This past week, the House of Representatives failed to approve a measure that would provide President Obama with “fast-track authority” in negotiating the Trans-Pacific Partnership (TPP), a free-trade agreement between the U.S. and eleven other countries of the pacific-rim including Japan, Vietnam, Australia, Mexico, and Canada among others. The trade agreement has been negotiated in secret for three years, and beyond leaked documents, the American public will likely not be able to view the details of the agreement until after it is approved. While President Obama supports the trade deal, he failed to convince the necessary number of his fellow democrats in order to pass the measure. Many democrats, including Minority Leader Nancy Pelosi, have expressed concerns that the deal does not provide adequate protection for American workers. In addition, a number of environmental and consumer-advocacy groups have expressed their opposition to the trade deal for a number of reasons, including threats to the environment and public health.

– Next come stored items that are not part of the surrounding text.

text \<open>Preactivation z^(l)_j(x) for l >= 1; layer depth+1 is the output layer.\<close>
fun pre :: "('n::finite) relu_net \<Rightarrow> nat \<Rightarrow> nat \<Rightarrow> real^'n \<Rightarrow> real" where
  "pre N 0 j x = 0"
| "pre N (Suc 0) j x = W1 N j \<bullet> x + bias N 1 j"
| "pre N (Suc (Suc l)) j x =
     (\<Sum>i<width N (Suc l). Wt N (Suc (Suc l)) j i * max 0 (pre N (Suc l) i x))
     + bias N (Suc (Suc l)) j"

definition netf :: "('n::finite) relu_net \<Rightarrow> real^'n \<Rightarrow> nat \<Rightarrow> real" where
  "netf N x k = pre N (Suc (depth N)) k x"

definition nout :: "('n::finite) relu_net \<Rightarrow> nat" where
  "nout N = width N (Suc (depth N))"

definition sgn_cond :: "int \<Rightarrow> real \<Rightarrow> bool" where
  "sgn_cond s t = (if 0 < s then 0 \<le> t else if s < 0 then t \<le> 0 else t = 0)"

text \<open>C_{theta,l}. Since R \<subseteq> aff R and the affine extension agrees with z on R,
  R \<inter> H^s_R(l,j) = {x \<in> R. z^(l)_j(x) satisfies the sign condition}.\<close>
fun cells :: "('n::finite) relu_net \<Rightarrow> nat \<Rightarrow> (real^'n) set set" where
  "cells N 0 = {UNIV}"
| "cells N (Suc l) = {P. P \<noteq> {} \<and> (\<exists>R\<in>cells N l. \<exists>s::nat \<Rightarrow> int.
        P = {x\<in>R. \<forall>j<width N (Suc l). sgn_cond (s j) (pre N (Suc l) j x)})}"

definition canonical :: "('n::finite) relu_net \<Rightarrow> (real^'n) set set" where
  "canonical N = cells N (depth N)"

definition bent :: "('n::finite) relu_net \<Rightarrow> nat \<Rightarrow> nat \<Rightarrow> (real^'n) set" where
  "bent N l j = \<Union>{{x\<in>R. pre N l j x = 0} | R. R \<in> cells N (l - 1) \<and>
        (\<exists>x\<in>R. \<exists>y\<in>R. pre N l j x \<noteq> pre N l j y)}"

definition affine_on_net :: "('n::finite) relu_net \<Rightarrow> (real^'n) set \<Rightarrow> bool" where
  "affine_on_net N U \<longleftrightarrow> (\<exists>(A::nat \<Rightarrow> real^'n) (c::nat \<Rightarrow> real).
      \<forall>x\<in>U. \<forall>k<nout N. netf N x k = A k \<bullet> x + c k)"

definition breakpoint :: "('n::finite) relu_net \<Rightarrow> real^'n \<Rightarrow> bool" where
  "breakpoint N x \<longleftrightarrow> \<not> (\<exists>U. open U \<and> x \<in> U \<and> affine_on_net N U)"

definition breakpoint_complex :: "('n::finite) relu_net \<Rightarrow> (real^'n) set set" where
  "breakpoint_complex N = {P\<in>canonical N. P \<subseteq> {x. breakpoint N x}}"

definition supertransversal :: "('n::finite) relu_net \<Rightarrow> bool" where
  "supertransversal N \<longleftrightarrow> (\<forall>F\<in>canonical N.
     card {(l, j). l \<in> {1..depth N} \<and> j < width N l \<and> F \<subseteq> bent N l j}
       = nat (int CARD('n) - aff_dim F))"

definition lin_part :: "('n::finite) relu_net \<Rightarrow> (real^'n) set \<Rightarrow> nat \<Rightarrow> real^'n" where
  "lin_part N P = (SOME A. \<exists>c::nat \<Rightarrow> real.
      \<forall>x\<in>P. \<forall>k<nout N. netf N x k = A k \<bullet> x + c k)"

definition unit_normal :: "(real^('n::finite)) set \<Rightarrow> (real^'n) set \<Rightarrow> real^'n" where
  "unit_normal P \<sigma> = (SOME e. norm e = 1 \<and> (\<forall>x\<in>\<sigma>. \<forall>y\<in>\<sigma>. e \<bullet> (x - y) = 0)
       \<and> (\<forall>p\<in>P. \<forall>s\<in>\<sigma>. 0 \<le> e \<bullet> (p - s)))"

definition trop_weight :: "('n::finite) relu_net \<Rightarrow> (real^'n) set \<Rightarrow> (real^'n) set \<Rightarrow> (real^'n) set \<Rightarrow> nat \<Rightarrow> real" where
  "trop_weight N P Q \<sigma> = (\<lambda>k. if k < nout N
      then (lin_part N P k - lin_part N Q k) \<bullet> unit_normal P \<sigma> else 0)"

Particularly alarming are the rights granted to corporations under the “investor-state dispute settlement system”. As a result, multinational corporations would essentially be given the right to sue governments before international tribunals regarding regulations they believe pose a threat to “expected future profits”. In cases where corporations win, the taxpayers of the losing country would be responsible for providing compensation. This has already been observed under past trade agreements such as NAFTA. An example was described by the Sierra Club, in which Lone Pine Resources, an oil and gas corporation, sued the Canadian government for $250 million after a fracking moratorium was passed by the Quebec National Assembly. According to consumer rights advocacy group, Public Citizen, over $3 billion has been paid out to corporations as a result of disputes under past free-trade agreements, a majority being related to environmental and public health regulation. Public Citizen goes on to state, “the mere threat of a case can put pressure on governments to weaken environment and health policies.” These policies represent important protections for the health of communities all over the world.

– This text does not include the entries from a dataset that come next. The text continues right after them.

lemma PL_at_Dh_minimizer:
  assumes hx: "h x < \<infinity>"
  defines "y \<equiv> Dh_minimizer x"
  shows "F x - F xs \<le> real_of_ereal (h x) - real_of_ereal (h y)
                        - inner (g x) (y - x) - \<mu> / 2 * (norm (y - x))\<^sup>2"
proof -
  define z where "z = x - (1 / \<mu>) *\<^sub>R g x"
  obtain hx where hx_eq: "h x = ereal hx" using h_ereal[OF hx] by blast
  obtain hy where hy_eq: "h y = ereal hy"
    using h_ereal[OF Dh_minimizer_in_edom] unfolding y_def by blast
  define \<psi> where "\<psi> w = ereal (inner (g x) (w - x) + \<mu> / 2 * (norm (w - x))\<^sup>2) + h w - h x" for w
  have square: "(norm (w - z))\<^sup>2 / (2 * (1 / \<mu>))
      = inner (g x) (w - x) + \<mu> / 2 * (norm (w - x))\<^sup>2 + (norm (g x))\<^sup>2 / (2 * \<mu>)" for w
  proof -
    have "w - z = (w - x) + (1 / \<mu>) *\<^sub>R g x" by (simp add: z_def)
    then have "(norm (w - z))\<^sup>2 = (norm (w - x))\<^sup>2 + 2 * (1 / \<mu>) * inner (w - x) (g x) + (1 / \<mu>)\<^sup>2 * (norm (g x))\<^sup>2"
      by (simp only: norm_add_square) (use mu_pos in \<open>simp add: power_mult_distrib power_divide\<close>)
    then show ?thesis using mu_pos by (simp add: field_simps inner_commute power2_eq_square)
  qed
  have y_min: "\<psi> y \<le> \<psi> w" for w
  proof -
    have "h y + ereal ((norm (y - z))\<^sup>2 / (2 * (1 / \<mu>))) \<le> h w + ereal ((norm (w - z))\<^sup>2 / (2 * (1 / \<mu>)))"
      unfolding y_def z_def Dh_minimizer_def
      by (rule prox_minimal[OF h_proper h_lsc h_convex]) (use mu_pos in simp)
    then show ?thesis
      unfolding \<psi>_def square using hx_eq hy_eq h_proper unfolding proper_fun_def
      by (cases "h w") auto
  qed
  have "(INF w. \<psi> w) = \<psi> y"
    by (rule antisym) (auto intro: INF_lower INF_greatest y_min)
  then have "Dh g h x \<mu> = ereal (-2 * \<mu>) * \<psi> y"
    unfolding Dh_def \<psi>_def[symmetric] by simp
  moreover have "x \<in> edom h" using hx by (simp add: edom_def)
  ultimately have "ereal \<mu> * ((ereal (f x) + h x) - (ereal (f xs) + h xs))
      \<le> ereal (1/2) * (ereal (-2 * \<mu>) * \<psi> y)"
    using PL unfolding is_PL_def by auto
  moreover obtain hs where "h xs = ereal hs" using h_ereal[OF minimizer_in_edom] by blast
  ultimately have "\<mu> * (F x - F xs) \<le> \<mu> * (hx - hy - inner (g x) (y - x) - \<mu> / 2 * (norm (y - x))\<^sup>2)"
    using hx_eq hy_eq by (simp add: \<psi>_def F_def algebra_simps)
  then show ?thesis using mu_pos hx_eq hy_eq by simp
qed
text \<open>The multiplier of card F pays for the 2 preimage_bound pairs per vertex of F discarded near
  the thickening and for the factor 2 fibre_bound lost in the greedy selection; the separation
  distance absorbs the stretch factor lift_len of lifted walks and rules out collisions of
  images.\<close>

lemma UFO_image:
  assumes ufo: "UFO E (2 * fibre_bound * m' * thickening_bound + 2 * preimage_bound + 1) k
      (lift_len * r' + nat \<lceil>A * B\<rceil> + 1) U F Ob"
    and k': "A * real k + B \<le> real k'"
  shows "\<exists>U' Ob'. UFO E' m' k' r' U' (thickening F) Ob'"
proof -
  have fin: "finite U" "finite F" "finite Ob" and "U \<noteq> {}"
    and card_U: "(2 * fibre_bound * m' * thickening_bound + 2 * preimage_bound + 1) * card F \<le> card U"
    and sep: "separates E F U Ob (lift_len * r' + nat \<lceil>A * B\<rceil> + 1)"
    using ufo unfolding UFO_iff_separates by auto
  obtain M where M: "M \<subseteq> U \<times> Ob" "inj_on fst M" "inj_on snd M" "fst ` M = U" "snd ` M = Ob"
    "\<forall>(u, v)\<in>M. gdist E u v \<le> k"
    using ufo unfolding UFO_def complete_matching_k_def by blast
  have "finite M" using M(1) fin finite_subset by blast
  moreover have "card M = card U" "M \<noteq> {}" using card_image[OF M(2)] M(4) \<open>U \<noteq> {}\<close> by auto
  ultimately obtain S where S: "S \<subseteq> M" "inj_on (\<lambda>p. f (fst p)) S" "inj_on (\<lambda>p. f (snd p)) S"
    "\<forall>p\<in>S. f (fst p) \<notin> thickening F \<and> f (snd p) \<notin> thickening F"
    "S \<noteq> {}" "m' * card (thickening F) \<le> card S"
    using large_injective_submatching[of M F m'] M(2,3) fin(2) card_U by auto
  define U' where "U' = (\<lambda>p. f (fst p)) ` S"
  define Ob' where "Ob' = (\<lambda>p. f (snd p)) ` S"
  have "U' \<inter> Ob' = {}"
  proof -
    have "f (fst p) \<noteq> f (snd q)" if "p \<in> S" "q \<in> S" for p q
    proof -
      have "fst p \<in> U" "snd q \<in> Ob" using S(1) M(4,5) that by auto
      then show ?thesis using image_collision_in_thickening[OF sep] S(4) that by auto
    qed
    then show ?thesis unfolding U'_def Ob'_def by blast
  qed
  moreover have "complete_matching_k E' k' U' Ob'"
    unfolding U'_def Ob'_def by (rule complete_matching_image[OF M(6) S(1-3) k'])
  moreover have "separates E' (thickening F) U' Ob' r'"
  proof (rule separates_mono[OF separates_image[OF sep]])
    show "U' \<subseteq> f ` U" "Ob' \<subseteq> f ` Ob" unfolding U'_def Ob'_def using S(1) M(4,5) by auto
  qed simp
  moreover have "finite U'" "finite Ob'" "finite (thickening F)"
    using S(1) \<open>finite M\<close> thickening_finite_card_le[OF fin(2)] finite_subset
    unfolding U'_def Ob'_def by auto
  moreover have "U' \<inter> thickening F = {}" "thickening F \<inter> Ob' = {}" "U' \<noteq> {}"
    using S(4,5) unfolding U'_def Ob'_def by auto
  moreover have "m' * card (thickening F) \<le> card U'"
    using S(2,6) card_image unfolding U'_def by metis
  ultimately show ?thesis unfolding UFO_iff_separates by blast
qed

lemma extraterrestrial_image:
  assumes "extraterrestrial E"
  shows "extraterrestrial E'"
  unfolding extraterrestrial_def
proof
  fix m'
  obtain k where k: "\<forall>r. \<exists>U F Ob.
      UFO E (2 * fibre_bound * m' * thickening_bound + 2 * preimage_bound + 1) k r U F Ob"
    using assms unfolding extraterrestrial_def by blast
  show "\<exists>k'. \<forall>r'. \<exists>U' F' Ob'. UFO E' m' k' r' U' F' Ob'"
  proof (intro exI[of _ "nat \<lceil>A * real k + B\<rceil>"] allI)
    fix r'
    from k obtain U F Ob where
      "UFO E (2 * fibre_bound * m' * thickening_bound + 2 * preimage_bound + 1) k
        (lift_len * r' + nat \<lceil>A * B\<rceil> + 1) U F Ob"
      by blast
    from UFO_image[OF this real_nat_ceiling_ge[of "A * real k + B"]]
    show "\<exists>U' F' Ob'. UFO E' m' (nat \<lceil>A * real k + B\<rceil>) r' U' F' Ob'" by blast
  qed
qed

end

theorem theoremA:
  fixes E :: "'a \<Rightarrow> 'a \<Rightarrow> bool" and E' :: "'b \<Rightarrow> 'b \<Rightarrow> bool"
  assumes "graph E" and "graph E'"
    and "connected_graph E" and "connected_graph E'"
    and "bounded_degree E" and "bounded_degree E'"
    and "quasi_isometric E E'"
    and "extraterrestrial E"
  shows "extraterrestrial E'"
proof -
  obtain f :: "'a \<Rightarrow> 'b" and A B C :: real where pos: "A > 0" "B > 0" "C > 0"
    and bounds: "\<forall>v1 v2. real (gdist E v1 v2) / A - B \<le> real (gdist E' (f v1) (f v2))
                 \<and> real (gdist E' (f v1) (f v2)) \<le> A * real (gdist E v1 v2) + B"
    and onto: "\<forall>v'. \<exists>v. real (gdist E' v' (f v)) \<le> C"
    using assms(7) unfolding quasi_isometric_def by blast
  obtain D D' where degrees: "\<forall>v. finite {w. E v w} \<and> card {w. E v w} \<le> D"
    "\<forall>v. finite {w. E' v w} \<and> card {w. E' v w} \<le> D'"
    using assms(5,6) unfolding bounded_degree_def by blast
  interpret quasi_isometric_graphs E E' f A B C D D'
    by unfold_locales (use assms(2-4) pos bounds onto degrees in auto)
  show ?thesis using extraterrestrial_image[OF assms(8)] .
qed

end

In addition to the threat posed by the investor-state system, others worry that hydraulic fracturing operations in the U.S. will expand due to increased natural gas exports. Currently, all natural gas exports are subject to analysis by the Department of Energy to ensure that exports do not threaten the interests of the American public. Under the TPP, this authority would be lost and all natural gas export permits would be approved, increasing pressure to expand U.S. fracking operations and infrastructure. This increases the environmental health threats already posed by the industry.

These represent but a small portion of a great number of concerns in regards to the Trans-Pacific Partnership. While the capacity of free-trade agreements such as this to promote economic development and job growth is up for debate, it is clear that these agreements pose significant risk to the health of communities and ecosystems around the world.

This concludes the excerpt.